Не нужно было быть полиглотом, чтобы перевести название. «Преступная тубероза»!

– Редкие духи? Дорогие?

– Не знаю… Наверняка не дешевые.

– Украшения? Кольца, серьги, часы?

– Сережек Кира не носила, у нее и уши-то не были проколоты. Всегда носила кольцо. Непростое такое кольцо, сделанное на заказ. Буква «К», увитая такими… цветами, что ли, вьющимися… И с бриллиантиками. Она всегда его носила, никогда не снимала. Оно одно такое.

– Ясно. А много денег у нее на кредитной карточке?

– Даже не знаю.

Конечно, она не знает. Баловали девчонку, как принцессу, вот и расплачиваются теперь…

– Так вы полагаете, с ней все в порядке? – в который раз робко, но назойливо переспросила мамаша беглянки.

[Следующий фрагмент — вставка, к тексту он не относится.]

(* Let $A=(a_i)_{i\ge1}$ be a weakly increasing multisubset of $\mathbb{N}$ such that $\underline{d}(A^{\#})=1$, and let $\epsilon>0$. Then for all sufficiently large integers $h$ (depending on $\epsilon$ and $A$) there exist an integer $n$ and a set $\mathscr{J}\subseteq A^{\#}\cap[a_n,(1+\epsilon)a_n]$ such that \[ h=\sum_{i=1}^{n}a_i+\sum_{x\in\mathscr{J}}x, \] where $n$ depends on $h$ and $n\to\infty$ as $h\to\infty$.
   Context: A multisubset $A$ of $\mathbb{N}$ (positive integers) is a collection of positive integers with repetitions allowed, each integer occurring only finitely often; writing $A=(a_i)$ means $a_1\le a_2\le\cdots$ lists the elements of $A$ (with multiplicity) in non-decreasing order. $A$ is weakly increasing if for each $\epsilon>0$ there is $\delta>0$ such that $a_{\lfloor(1+\epsilon)n\rfloor}/a_n>1+\delta$ for all sufficiently large $n$ (depending on $\epsilon$). $A^{\#}\subseteq\mathbb{N}$ is the set of integers appearing at least once in $A$. For $X\subseteq\mathbb{N}$, the lower asymptotic density is $\underline{d}(X)=\liminf_{n\to\infty}|X\cap[1,n]|/n$. *)

theory Defs
  imports "HOL-Analysis.Analysis"
begin

text \<open>A multisubset A of positive integers, listed (1-indexed) in non-decreasing
order as a 1, a 2, ...; each value occurs only finitely often. The value a 0 is irrelevant.\<close>
definition multiset_seq :: "(nat \<Rightarrow> nat) \<Rightarrow> bool" where
  "multiset_seq a \<longleftrightarrow> (\<forall>i\<ge>1. a i > 0) \<and> (\<forall>i\<ge>1. a i \<le> a (Suc i))
     \<and> (\<forall>x. finite {i. i \<ge> 1 \<and> a i = x})"

definition weakly_increasing :: "(nat \<Rightarrow> nat) \<Rightarrow> bool" where
  "weakly_increasing a \<longleftrightarrow> (\<forall>\<epsilon>::real>0. \<exists>\<delta>::real>0. \<forall>\<^sub>F n in sequentially.
      real (a (nat \<lfloor>(1 + \<epsilon>) * real n\<rfloor>)) / real (a n) > 1 + \<delta>)"

definition Asharp :: "(nat \<Rightarrow> nat) \<Rightarrow> nat set" where
  "Asharp a = {a i | i. i \<ge> 1}"

definition lower_density :: "nat set \<Rightarrow> ereal" where
  "lower_density X = liminf (\<lambda>n. ereal (real (card (X \<inter> {1..n})) / real n))"

end

theory Submission
  imports Defs
begin

text \<open>Write \<open>S n = a 1 + \<dots> + a n\<close> and pick \<open>n\<close> with \<open>S n \<le> h < S (n + 1)\<close>. Dropping the last
  \<open>k + 1\<close> terms (\<open>k = 4r + 2\<close>, \<open>r > 1/\<epsilon>\<close>) leaves \<open>T = h - S N\<close> with \<open>N = n - k - 1\<close> and
  \<open>(k + 1) a N \<le> T < (k + 2) a (n + 1)\<close>. Since \<open>A#\<close> has density one, the run \<open>a N, \<dots>, a (n + 1)\<close>
  skips few integers, so \<open>a (n + 1) = a N + o(a N)\<close> and \<open>T\<close> lies well inside the range of sums of
  \<open>k\<close> distinct elements of \<open>A# \<inter> [a N, a N + a N div r]\<close>. Every integer of that range is such a
  sum, because only \<open>o(a N)\<close> integers of the window are missing from \<open>A#\<close>.\<close>

lemma interval_meets_set:
  fixes B :: "nat set"
  assumes miss: "card ({m..M} - B) \<le> e" and "m \<le> u" "u + e \<le> M"
  shows "\<exists>y\<in>B. u \<le> y \<and> y \<le> u + e"
proof (rule ccontr)
  assume "\<not> ?thesis"
  hence "{u..u + e} \<subseteq> {m..M} - B" using assms(2,3) by auto
  hence "card {u..u + e} \<le> card ({m..M} - B)" by (intro card_mono) auto
  thus False using miss by simp
qed

lemma exists_spread_subset:
  fixes B :: "nat set"
  assumes miss: "card ({m..M} - B) \<le> e" and "m \<le> v" "v + j * (e + 1) \<le> M"
  shows "\<exists>J \<subseteq> B \<inter> {v..<v + j * (e + 1)}. card J = j"
  using assms(3)
proof (induction j)
  case 0
  show ?case by simp
next
  case (Suc j)
  then obtain J where J: "J \<subseteq> B \<inter> {v..<v + j * (e + 1)}" "card J = j" by auto
  obtain y where y: "y \<in> B" "v + j * (e + 1) \<le> y" "y \<le> v + j * (e + 1) + e"
    using interval_meets_set[OF miss, of "v + j * (e + 1)"] assms(2) Suc.prems by auto
  have "y \<notin> J" "finite J" using J(1) y(2) finite_subset[OF J(1)] by auto
  hence "card (insert y J) = Suc j" using J(2) by simp
  moreover have "insert y J \<subseteq> B \<inter> {v..<v + Suc j * (e + 1)}" using J(1) y by auto
  ultimately show ?case by blast
qed

lemma exists_pair_summing_into_set:
  fixes B X :: "nat set"
  assumes miss: "card ({m..M} - B) \<le> e" and "finite X" "2 * e < card X"
    and X: "\<And>x. x \<in> X \<Longrightarrow> x \<le> R \<and> x \<in> {m..M} \<and> R - x \<in> {m..M}"
  shows "\<exists>x\<in>X. x \<in> B \<and> R - x \<in> B"
proof -
  have missing: "card Y \<le> e" if "Y \<subseteq> {m..M} - B" for Y
    using card_mono[OF _ that] miss by simp
  define bad1 where "bad1 = X - B"
  define bad2 where "bad2 = {x\<in>X. R - x \<notin> B}"
  have card1: "card bad1 \<le> e" by (rule missing) (use X in \<open>auto simp: bad1_def\<close>)
  have "inj_on (\<lambda>x. R - x) bad2"
  proof (rule inj_onI)
    fix x y assume "x \<in> bad2" "y \<in> bad2" "R - x = R - y"
    thus "x = y" using X[of x] X[of y] unfolding bad2_def by auto
  qed
  moreover have "card ((\<lambda>x. R - x) ` bad2) \<le> e" by (rule missing) (use X in \<open>auto simp: bad2_def\<close>)
  ultimately have card2: "card bad2 \<le> e" by (simp add: card_image)
  have "card (bad1 \<union> bad2) \<le> 2 * e" using card_Un_le[of bad1 bad2] card1 card2 by simp
  moreover have "bad1 \<union> bad2 \<subseteq> X" unfolding bad1_def bad2_def by auto
  ultimately have "bad1 \<union> bad2 \<noteq> X" using assms(3) by auto
  thus ?thesis unfolding bad1_def bad2_def by auto
qed

lemma sum_bounds_by_card:
  fixes J :: "nat set"
  assumes "\<And>x. x \<in> J \<Longrightarrow> v \<le> x \<and> x \<le> w"
  shows "card J * v \<le> (\<Sum>x\<in>J. x)" "(\<Sum>x\<in>J. x) \<le> card J * w"
  using sum_bounded_below[of J v "\<lambda>x. x"] sum_bounded_above[of J "\<lambda>x. x" w] assms by simp_all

Голос у нее был богатый, в нем переливались бархатно-красные, глубинно-синие тона.

– Я не могу этого утверждать, – в который раз повторил Кленов со вздохом. – Основываясь на личном опыте, могу сообщить: двадцатилетие девушки уходят из дома очень часто. Особенно после конфликтов с родителями. У вас были конфликты? Столкновения?

Следователь, следователь с усталыми глазами, похожий на всех следователей героически-романтического кино о преступлениях и наказаниях! Следователь в потертых джинсах и вытянутом сером свитере, с красивой фамилией Кленов! Понимаешь ли ты, о чем и о ком ты говоришь? Вот это угловатое слово «конфликт», которое так гладко звучит теперь в выпусках новостей из уст холеных ведущих – прилагательное «вооруженный» как-то сглаживает и облагораживает его, но оно ведь на самом деле означает войну. Конфликт – это война, только об этом запрещено говорить холеным ведущим обоего пола. Это просто война, а какая война могла быть между матерью и дочерью? Между Александрой и ее странной, ни на кого не похожей, не от мира сего девочкой?

– Нет. У нас не было конфликтов.

– Видите ли, молодой человек, – ласково пропела старая карга, тетушка беглянки, – у нас в семье не было никаких столкновений и быть не могло. Речь идет о другом. Кира… Она странный человек, странная девушка, очень замкнутая, очень своевольная. Она могла обидеться на что-нибудь или на кого-нибудь. Что-то ее могло ранить. Обычно в таких случаях она уходила в себя… Но могла уйти и из дома. Я это допускаю.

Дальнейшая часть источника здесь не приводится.